**WORK ORDER**. The required answer is an exact copy of every entry underneath.

**MATERIAL TO PROCESS**.
•••••
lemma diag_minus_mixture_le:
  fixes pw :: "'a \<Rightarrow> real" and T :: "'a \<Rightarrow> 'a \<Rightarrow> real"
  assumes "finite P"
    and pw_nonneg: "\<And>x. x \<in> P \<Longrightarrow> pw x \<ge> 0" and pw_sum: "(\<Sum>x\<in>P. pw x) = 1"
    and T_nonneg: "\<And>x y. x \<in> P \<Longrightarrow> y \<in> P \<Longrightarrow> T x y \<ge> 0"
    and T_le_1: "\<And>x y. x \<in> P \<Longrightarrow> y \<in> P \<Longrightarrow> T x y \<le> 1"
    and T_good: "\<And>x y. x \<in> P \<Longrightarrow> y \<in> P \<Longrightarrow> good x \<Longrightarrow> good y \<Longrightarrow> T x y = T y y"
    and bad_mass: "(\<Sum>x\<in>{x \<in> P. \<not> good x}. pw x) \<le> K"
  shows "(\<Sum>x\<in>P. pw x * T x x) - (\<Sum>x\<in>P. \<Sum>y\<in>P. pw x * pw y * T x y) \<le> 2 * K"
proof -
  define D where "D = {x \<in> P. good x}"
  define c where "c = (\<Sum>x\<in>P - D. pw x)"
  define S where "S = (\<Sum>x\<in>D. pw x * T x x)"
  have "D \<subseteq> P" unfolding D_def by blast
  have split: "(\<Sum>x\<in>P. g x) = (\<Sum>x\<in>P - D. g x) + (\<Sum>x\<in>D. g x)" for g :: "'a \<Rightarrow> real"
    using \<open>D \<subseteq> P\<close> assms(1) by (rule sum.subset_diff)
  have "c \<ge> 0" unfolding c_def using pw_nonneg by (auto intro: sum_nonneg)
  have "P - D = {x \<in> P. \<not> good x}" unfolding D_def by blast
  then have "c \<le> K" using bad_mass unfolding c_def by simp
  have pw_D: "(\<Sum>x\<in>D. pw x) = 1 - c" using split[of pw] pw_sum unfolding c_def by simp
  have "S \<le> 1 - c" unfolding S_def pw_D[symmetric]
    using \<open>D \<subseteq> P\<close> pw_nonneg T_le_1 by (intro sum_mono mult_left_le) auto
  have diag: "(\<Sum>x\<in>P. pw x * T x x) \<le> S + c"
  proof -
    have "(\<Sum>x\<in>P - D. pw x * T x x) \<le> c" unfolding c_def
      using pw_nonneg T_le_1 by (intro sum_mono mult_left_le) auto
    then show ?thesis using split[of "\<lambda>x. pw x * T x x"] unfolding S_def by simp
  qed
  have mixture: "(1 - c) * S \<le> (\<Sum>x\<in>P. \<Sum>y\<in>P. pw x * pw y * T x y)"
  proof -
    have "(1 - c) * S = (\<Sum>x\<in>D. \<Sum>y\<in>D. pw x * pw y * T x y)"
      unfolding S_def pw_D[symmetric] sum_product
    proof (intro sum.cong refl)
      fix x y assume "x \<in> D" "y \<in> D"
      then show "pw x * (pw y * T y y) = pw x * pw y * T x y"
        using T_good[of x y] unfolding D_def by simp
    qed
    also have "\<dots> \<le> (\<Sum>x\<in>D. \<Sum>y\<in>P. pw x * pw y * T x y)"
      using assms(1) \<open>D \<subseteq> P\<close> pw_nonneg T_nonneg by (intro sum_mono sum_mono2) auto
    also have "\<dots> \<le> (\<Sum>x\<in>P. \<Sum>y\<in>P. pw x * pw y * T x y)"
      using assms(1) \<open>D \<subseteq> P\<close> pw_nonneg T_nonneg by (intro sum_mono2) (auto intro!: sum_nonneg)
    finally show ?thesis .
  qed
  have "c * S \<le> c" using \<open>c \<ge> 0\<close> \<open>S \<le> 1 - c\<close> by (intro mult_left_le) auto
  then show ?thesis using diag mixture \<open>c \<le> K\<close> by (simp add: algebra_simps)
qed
•••••
**TASK RESPONSE**.
lemma diag_minus_mixture_le:
  fixes pw :: "'a \<Rightarrow> real" and T :: "'a \<Rightarrow> 'a \<Rightarrow> real"
  assumes "finite P"
    and pw_nonneg: "\<And>x. x \<in> P \<Longrightarrow> pw x \<ge> 0" and pw_sum: "(\<Sum>x\<in>P. pw x) = 1"
    and T_nonneg: "\<And>x y. x \<in> P \<Longrightarrow> y \<in> P \<Longrightarrow> T x y \<ge> 0"
    and T_le_1: "\<And>x y. x \<in> P \<Longrightarrow> y \<in> P \<Longrightarrow> T x y \<le> 1"
    and T_good: "\<And>x y. x \<in> P \<Longrightarrow> y \<in> P \<Longrightarrow> good x \<Longrightarrow> good y \<Longrightarrow> T x y = T y y"
    and bad_mass: "(\<Sum>x\<in>{x \<in> P. \<not> good x}. pw x) \<le> K"
  shows "(\<Sum>x\<in>P. pw x * T x x) - (\<Sum>x\<in>P. \<Sum>y\<in>P. pw x * pw y * T x y) \<le> 2 * K"
proof -
  define D where "D = {x \<in> P. good x}"
  define c where "c = (\<Sum>x\<in>P - D. pw x)"
  define S where "S = (\<Sum>x\<in>D. pw x * T x x)"
  have "D \<subseteq> P" unfolding D_def by blast
  have split: "(\<Sum>x\<in>P. g x) = (\<Sum>x\<in>P - D. g x) + (\<Sum>x\<in>D. g x)" for g :: "'a \<Rightarrow> real"
    using \<open>D \<subseteq> P\<close> assms(1) by (rule sum.subset_diff)
  have "c \<ge> 0" unfolding c_def using pw_nonneg by (auto intro: sum_nonneg)
  have "P - D = {x \<in> P. \<not> good x}" unfolding D_def by blast
  then have "c \<le> K" using bad_mass unfolding c_def by simp
  have pw_D: "(\<Sum>x\<in>D. pw x) = 1 - c" using split[of pw] pw_sum unfolding c_def by simp
  have "S \<le> 1 - c" unfolding S_def pw_D[symmetric]
    using \<open>D \<subseteq> P\<close> pw_nonneg T_le_1 by (intro sum_mono mult_left_le) auto
  have diag: "(\<Sum>x\<in>P. pw x * T x x) \<le> S + c"
  proof -
    have "(\<Sum>x\<in>P - D. pw x * T x x) \<le> c" unfolding c_def
      using pw_nonneg T_le_1 by (intro sum_mono mult_left_le) auto
    then show ?thesis using split[of "\<lambda>x. pw x * T x x"] unfolding S_def by simp
  qed
  have mixture: "(1 - c) * S \<le> (\<Sum>x\<in>P. \<Sum>y\<in>P. pw x * pw y * T x y)"
  proof -
    have "(1 - c) * S = (\<Sum>x\<in>D. \<Sum>y\<in>D. pw x * pw y * T x y)"
      unfolding S_def pw_D[symmetric] sum_product
    proof (intro sum.cong refl)
      fix x y assume "x \<in> D" "y \<in> D"
      then show "pw x * (pw y * T y y) = pw x * pw y * T x y"
        using T_good[of x y] unfolding D_def by simp
    qed
    also have "\<dots> \<le> (\<Sum>x\<in>D. \<Sum>y\<in>P. pw x * pw y * T x y)"
      using assms(1) \<open>D \<subseteq> P\<close> pw_nonneg T_nonneg by (intro sum_mono sum_mono2) auto
    also have "\<dots> \<le> (\<Sum>x\<in>P. \<Sum>y\<in>P. pw x * pw y * T x y)"
      using assms(1) \<open>D \<subseteq> P\<close> pw_nonneg T_nonneg by (intro sum_mono2) (auto intro!: sum_nonneg)
    finally show ?thesis .
  qed
  have "c * S \<le> c" using \<open>c \<ge> 0\<close> \<open>S \<le> 1 - c\<close> by (intro mult_left_le) auto
  then show ?thesis using diag mixture \<open>c \<le> K\<close> by (simp add: algebra_simps)
qed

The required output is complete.